Exercise inputs:

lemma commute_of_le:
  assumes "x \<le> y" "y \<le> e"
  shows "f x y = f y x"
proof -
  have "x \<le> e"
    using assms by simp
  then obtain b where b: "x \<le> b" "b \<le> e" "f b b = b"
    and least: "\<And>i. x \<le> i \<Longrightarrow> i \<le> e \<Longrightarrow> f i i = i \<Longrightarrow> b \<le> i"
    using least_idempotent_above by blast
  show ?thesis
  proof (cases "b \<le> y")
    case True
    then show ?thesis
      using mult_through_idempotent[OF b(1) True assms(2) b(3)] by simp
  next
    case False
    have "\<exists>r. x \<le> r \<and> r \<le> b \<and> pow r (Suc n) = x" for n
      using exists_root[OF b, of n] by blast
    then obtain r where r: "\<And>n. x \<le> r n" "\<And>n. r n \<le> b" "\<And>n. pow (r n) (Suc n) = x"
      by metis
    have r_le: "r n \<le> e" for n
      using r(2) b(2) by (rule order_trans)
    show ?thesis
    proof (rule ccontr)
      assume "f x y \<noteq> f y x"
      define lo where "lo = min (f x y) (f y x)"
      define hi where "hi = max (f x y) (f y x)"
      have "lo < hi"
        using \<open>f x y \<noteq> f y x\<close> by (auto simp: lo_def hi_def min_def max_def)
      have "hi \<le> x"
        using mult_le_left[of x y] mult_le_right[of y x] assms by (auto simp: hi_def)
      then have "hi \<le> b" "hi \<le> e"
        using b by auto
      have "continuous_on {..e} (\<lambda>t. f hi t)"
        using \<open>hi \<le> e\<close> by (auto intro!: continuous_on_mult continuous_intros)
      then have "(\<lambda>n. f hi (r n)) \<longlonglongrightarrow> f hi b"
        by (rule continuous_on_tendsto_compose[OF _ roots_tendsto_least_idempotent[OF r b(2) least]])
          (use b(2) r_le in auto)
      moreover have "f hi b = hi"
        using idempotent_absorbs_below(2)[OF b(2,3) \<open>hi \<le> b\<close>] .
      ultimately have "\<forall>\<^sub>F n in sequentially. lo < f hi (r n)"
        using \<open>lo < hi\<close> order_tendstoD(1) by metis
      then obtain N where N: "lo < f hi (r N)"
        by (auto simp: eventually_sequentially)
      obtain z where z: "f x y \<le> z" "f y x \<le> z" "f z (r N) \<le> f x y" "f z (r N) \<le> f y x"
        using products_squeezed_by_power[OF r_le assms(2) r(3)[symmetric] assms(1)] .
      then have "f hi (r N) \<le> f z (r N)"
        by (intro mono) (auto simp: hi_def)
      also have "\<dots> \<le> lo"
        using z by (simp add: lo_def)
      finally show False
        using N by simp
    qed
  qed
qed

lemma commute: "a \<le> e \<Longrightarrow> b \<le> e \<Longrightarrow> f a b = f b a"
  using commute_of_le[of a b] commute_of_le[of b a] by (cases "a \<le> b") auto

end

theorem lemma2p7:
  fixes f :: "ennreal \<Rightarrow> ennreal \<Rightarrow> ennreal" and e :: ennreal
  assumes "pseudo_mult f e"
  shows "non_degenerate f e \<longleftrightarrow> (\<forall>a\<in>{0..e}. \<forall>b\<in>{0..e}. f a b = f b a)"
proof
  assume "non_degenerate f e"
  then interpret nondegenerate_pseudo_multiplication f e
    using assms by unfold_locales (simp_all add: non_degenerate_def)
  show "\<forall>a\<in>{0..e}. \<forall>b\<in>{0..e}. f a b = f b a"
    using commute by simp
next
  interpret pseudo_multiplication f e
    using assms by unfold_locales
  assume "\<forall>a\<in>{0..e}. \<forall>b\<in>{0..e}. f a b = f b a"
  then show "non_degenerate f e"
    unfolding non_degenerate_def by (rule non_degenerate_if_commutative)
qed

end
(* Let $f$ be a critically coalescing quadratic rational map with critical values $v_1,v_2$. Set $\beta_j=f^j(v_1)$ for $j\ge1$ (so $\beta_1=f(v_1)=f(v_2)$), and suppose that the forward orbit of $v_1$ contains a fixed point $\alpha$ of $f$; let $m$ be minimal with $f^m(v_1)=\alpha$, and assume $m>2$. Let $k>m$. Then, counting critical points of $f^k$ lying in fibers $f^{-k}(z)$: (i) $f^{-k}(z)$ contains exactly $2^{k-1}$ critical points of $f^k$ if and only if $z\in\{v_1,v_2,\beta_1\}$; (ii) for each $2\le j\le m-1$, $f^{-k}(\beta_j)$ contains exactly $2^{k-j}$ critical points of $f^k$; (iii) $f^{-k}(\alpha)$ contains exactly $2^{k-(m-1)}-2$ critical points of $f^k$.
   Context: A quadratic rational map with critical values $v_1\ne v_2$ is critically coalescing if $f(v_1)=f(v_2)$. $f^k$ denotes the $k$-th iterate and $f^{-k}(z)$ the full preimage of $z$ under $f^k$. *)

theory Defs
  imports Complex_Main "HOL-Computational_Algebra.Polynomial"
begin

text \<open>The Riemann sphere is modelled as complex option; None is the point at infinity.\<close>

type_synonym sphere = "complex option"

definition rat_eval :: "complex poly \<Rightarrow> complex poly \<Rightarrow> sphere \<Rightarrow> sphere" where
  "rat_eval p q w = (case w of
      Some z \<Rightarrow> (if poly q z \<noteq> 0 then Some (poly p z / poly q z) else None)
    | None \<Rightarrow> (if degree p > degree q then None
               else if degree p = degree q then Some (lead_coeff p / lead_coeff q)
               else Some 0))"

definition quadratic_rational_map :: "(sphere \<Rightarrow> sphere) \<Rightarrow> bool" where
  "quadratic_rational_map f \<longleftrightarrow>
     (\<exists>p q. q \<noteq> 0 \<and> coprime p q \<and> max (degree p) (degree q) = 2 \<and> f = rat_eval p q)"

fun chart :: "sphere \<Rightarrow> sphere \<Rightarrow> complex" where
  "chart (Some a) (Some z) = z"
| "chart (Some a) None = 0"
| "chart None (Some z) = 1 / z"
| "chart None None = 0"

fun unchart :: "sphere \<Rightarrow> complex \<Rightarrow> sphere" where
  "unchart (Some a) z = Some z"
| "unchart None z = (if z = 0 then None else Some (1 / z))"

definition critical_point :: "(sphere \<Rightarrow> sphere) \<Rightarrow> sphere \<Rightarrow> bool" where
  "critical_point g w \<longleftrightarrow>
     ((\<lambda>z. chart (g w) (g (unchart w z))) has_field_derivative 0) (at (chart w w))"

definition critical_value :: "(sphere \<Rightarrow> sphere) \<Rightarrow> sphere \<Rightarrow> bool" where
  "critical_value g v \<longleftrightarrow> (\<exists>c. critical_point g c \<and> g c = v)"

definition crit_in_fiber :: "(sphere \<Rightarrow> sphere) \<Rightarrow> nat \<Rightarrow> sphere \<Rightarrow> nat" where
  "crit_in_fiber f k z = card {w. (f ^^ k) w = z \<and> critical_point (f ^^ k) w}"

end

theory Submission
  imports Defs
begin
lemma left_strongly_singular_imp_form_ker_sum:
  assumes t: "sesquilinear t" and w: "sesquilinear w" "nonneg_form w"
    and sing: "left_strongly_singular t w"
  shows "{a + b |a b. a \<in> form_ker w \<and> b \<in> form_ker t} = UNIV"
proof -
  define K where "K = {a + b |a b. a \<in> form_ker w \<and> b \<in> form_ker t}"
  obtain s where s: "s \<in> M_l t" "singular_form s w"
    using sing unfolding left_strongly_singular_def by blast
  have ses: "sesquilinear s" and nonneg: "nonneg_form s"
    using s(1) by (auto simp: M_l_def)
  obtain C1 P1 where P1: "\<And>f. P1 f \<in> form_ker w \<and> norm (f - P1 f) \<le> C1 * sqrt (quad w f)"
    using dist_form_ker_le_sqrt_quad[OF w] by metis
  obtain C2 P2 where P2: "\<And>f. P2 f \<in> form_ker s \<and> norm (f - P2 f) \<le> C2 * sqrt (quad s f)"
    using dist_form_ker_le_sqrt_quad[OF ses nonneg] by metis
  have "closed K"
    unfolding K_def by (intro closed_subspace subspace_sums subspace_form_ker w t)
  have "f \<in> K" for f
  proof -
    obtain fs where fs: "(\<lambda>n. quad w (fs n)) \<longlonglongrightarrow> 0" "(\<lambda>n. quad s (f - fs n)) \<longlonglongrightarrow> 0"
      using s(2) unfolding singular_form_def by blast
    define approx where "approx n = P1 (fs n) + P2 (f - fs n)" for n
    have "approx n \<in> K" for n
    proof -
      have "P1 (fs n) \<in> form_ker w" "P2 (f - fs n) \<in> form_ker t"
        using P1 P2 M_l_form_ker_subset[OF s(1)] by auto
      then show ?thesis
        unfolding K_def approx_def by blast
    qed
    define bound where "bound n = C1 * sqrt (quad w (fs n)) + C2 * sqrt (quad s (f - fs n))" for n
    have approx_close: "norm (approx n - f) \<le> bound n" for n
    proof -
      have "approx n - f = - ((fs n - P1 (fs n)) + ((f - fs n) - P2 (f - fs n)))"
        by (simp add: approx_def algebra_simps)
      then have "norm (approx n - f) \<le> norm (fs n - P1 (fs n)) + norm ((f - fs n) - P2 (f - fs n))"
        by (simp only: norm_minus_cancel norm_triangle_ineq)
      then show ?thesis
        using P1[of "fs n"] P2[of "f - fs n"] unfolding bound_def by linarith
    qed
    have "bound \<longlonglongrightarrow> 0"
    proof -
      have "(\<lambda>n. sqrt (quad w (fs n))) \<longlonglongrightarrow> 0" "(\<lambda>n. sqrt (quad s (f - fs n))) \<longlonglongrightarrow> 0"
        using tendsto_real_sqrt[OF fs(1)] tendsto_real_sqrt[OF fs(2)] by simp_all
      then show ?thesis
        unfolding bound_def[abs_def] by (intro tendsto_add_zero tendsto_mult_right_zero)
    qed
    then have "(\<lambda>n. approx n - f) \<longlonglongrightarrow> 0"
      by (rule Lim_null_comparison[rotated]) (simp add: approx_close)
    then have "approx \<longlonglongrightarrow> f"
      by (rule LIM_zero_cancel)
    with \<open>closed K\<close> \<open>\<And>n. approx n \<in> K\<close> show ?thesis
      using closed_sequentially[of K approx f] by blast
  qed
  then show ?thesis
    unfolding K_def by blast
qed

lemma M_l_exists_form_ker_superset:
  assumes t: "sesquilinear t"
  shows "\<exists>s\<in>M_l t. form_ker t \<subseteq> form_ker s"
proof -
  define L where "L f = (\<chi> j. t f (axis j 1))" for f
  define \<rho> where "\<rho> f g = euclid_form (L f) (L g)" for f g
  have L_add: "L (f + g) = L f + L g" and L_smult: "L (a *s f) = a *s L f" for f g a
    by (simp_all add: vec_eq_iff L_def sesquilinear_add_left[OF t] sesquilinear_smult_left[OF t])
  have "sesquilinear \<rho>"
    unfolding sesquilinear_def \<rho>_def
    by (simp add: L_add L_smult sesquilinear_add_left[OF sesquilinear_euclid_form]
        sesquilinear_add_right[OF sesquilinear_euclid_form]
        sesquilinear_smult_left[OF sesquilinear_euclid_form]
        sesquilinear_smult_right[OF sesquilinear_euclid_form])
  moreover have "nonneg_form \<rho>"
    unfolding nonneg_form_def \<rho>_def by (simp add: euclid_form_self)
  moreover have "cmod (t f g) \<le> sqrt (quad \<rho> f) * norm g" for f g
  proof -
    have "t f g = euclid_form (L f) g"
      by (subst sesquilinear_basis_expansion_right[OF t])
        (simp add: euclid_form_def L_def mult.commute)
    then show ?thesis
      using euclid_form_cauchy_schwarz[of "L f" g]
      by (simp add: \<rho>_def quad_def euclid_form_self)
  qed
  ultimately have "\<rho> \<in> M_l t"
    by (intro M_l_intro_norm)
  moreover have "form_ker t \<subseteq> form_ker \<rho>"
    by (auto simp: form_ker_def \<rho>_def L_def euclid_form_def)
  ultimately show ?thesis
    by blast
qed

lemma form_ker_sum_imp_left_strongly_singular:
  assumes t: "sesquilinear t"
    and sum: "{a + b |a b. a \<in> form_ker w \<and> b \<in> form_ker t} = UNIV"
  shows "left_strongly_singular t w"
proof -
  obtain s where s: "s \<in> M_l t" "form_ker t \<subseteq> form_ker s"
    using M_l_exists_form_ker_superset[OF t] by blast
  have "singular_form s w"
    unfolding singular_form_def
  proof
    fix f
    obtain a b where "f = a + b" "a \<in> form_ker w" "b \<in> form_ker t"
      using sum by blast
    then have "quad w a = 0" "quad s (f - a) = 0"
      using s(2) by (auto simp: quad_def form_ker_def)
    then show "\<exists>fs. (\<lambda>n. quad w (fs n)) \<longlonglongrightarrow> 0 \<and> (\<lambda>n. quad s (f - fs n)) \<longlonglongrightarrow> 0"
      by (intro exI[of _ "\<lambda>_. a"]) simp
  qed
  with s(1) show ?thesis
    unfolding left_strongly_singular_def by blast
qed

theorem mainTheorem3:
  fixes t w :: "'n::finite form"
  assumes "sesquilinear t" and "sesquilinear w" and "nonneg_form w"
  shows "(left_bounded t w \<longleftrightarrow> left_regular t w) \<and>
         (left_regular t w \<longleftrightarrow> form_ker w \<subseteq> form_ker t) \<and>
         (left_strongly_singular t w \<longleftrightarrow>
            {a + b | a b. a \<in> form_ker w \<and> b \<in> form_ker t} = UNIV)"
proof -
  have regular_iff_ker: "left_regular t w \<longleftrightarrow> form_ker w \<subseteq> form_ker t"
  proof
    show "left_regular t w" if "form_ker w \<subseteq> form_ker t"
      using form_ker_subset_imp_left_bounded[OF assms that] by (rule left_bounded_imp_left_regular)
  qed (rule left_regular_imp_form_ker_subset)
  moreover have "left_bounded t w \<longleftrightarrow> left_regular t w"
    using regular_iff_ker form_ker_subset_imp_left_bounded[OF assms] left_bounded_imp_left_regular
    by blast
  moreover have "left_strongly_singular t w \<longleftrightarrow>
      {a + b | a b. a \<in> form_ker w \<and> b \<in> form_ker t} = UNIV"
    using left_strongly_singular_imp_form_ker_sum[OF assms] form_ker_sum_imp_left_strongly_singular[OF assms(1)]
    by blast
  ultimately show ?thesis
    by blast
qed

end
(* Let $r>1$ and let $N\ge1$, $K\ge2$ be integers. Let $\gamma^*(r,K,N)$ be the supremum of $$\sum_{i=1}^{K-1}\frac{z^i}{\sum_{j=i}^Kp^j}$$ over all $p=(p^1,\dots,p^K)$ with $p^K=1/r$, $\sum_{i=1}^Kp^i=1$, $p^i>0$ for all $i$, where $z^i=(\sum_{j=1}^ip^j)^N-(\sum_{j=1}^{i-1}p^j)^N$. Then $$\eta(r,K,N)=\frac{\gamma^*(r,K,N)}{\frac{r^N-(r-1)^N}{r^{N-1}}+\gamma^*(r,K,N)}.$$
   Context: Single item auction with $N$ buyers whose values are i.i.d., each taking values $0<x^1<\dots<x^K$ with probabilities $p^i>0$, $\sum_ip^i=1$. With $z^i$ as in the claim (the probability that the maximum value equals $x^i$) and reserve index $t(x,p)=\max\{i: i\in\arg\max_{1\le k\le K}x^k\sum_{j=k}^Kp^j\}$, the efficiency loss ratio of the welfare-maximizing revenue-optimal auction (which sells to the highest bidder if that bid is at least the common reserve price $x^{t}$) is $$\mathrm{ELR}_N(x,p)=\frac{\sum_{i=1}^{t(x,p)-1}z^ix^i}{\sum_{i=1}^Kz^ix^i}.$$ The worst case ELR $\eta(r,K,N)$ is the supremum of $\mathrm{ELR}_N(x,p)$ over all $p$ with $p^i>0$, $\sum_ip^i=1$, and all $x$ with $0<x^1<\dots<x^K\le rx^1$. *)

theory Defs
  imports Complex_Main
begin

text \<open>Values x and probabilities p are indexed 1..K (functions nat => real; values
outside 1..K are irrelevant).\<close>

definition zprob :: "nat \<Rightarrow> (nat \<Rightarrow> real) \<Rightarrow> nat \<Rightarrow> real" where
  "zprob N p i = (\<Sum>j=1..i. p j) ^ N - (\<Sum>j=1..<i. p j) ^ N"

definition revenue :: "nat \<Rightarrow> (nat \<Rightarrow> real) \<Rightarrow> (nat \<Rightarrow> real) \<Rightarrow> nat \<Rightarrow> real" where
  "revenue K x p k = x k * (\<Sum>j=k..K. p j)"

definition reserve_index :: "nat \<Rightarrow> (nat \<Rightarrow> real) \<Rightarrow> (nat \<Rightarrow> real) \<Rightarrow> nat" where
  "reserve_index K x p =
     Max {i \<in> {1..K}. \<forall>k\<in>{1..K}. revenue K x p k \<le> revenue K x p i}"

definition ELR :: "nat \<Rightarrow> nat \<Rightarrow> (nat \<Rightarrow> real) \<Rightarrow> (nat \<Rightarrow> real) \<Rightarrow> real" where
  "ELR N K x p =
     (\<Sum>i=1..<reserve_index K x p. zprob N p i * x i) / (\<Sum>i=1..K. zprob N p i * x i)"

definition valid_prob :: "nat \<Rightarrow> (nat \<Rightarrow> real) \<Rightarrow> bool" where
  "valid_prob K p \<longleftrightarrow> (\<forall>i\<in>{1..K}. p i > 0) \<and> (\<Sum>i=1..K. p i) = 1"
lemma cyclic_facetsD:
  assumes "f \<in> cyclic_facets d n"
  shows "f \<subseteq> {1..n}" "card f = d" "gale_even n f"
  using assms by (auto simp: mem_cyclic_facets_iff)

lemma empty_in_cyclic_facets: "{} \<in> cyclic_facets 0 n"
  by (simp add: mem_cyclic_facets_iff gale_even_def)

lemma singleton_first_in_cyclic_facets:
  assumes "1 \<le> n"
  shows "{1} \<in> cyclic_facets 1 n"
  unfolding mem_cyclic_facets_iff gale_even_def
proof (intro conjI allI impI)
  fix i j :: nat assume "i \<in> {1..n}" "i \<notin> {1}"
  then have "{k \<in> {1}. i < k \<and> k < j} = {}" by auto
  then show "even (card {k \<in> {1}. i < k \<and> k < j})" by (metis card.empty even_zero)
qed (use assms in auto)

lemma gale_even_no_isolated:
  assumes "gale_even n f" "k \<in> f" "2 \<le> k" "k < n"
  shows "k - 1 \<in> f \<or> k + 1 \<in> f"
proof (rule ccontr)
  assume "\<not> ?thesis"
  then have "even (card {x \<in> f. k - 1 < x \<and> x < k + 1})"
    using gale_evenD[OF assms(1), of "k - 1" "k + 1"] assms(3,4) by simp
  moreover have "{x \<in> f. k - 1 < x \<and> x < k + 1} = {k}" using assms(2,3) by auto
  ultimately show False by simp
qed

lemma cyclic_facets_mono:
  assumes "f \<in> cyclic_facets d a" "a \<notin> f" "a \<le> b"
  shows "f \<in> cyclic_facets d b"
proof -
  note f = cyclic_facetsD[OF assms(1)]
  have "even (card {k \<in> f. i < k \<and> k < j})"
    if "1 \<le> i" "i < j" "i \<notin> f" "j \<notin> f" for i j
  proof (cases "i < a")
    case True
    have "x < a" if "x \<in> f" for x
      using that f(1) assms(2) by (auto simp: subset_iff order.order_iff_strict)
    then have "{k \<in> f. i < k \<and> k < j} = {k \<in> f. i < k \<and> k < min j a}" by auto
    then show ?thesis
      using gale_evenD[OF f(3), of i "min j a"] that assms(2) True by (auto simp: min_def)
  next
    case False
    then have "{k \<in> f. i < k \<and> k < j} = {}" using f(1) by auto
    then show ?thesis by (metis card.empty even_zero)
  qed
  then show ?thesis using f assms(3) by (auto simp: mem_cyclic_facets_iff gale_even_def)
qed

Problem:
Stop at the line containing "then obtain b". Please print exactly every line before it from the start of the records, plus that line itself, and nothing else.

Finished exercise:
lemma commute_of_le:
  assumes "x \<le> y" "y \<le> e"
  shows "f x y = f y x"
proof -
  have "x \<le> e"
    using assms by simp
  then obtain b where b: "x \<le> b" "b \<le> e" "f b b = b"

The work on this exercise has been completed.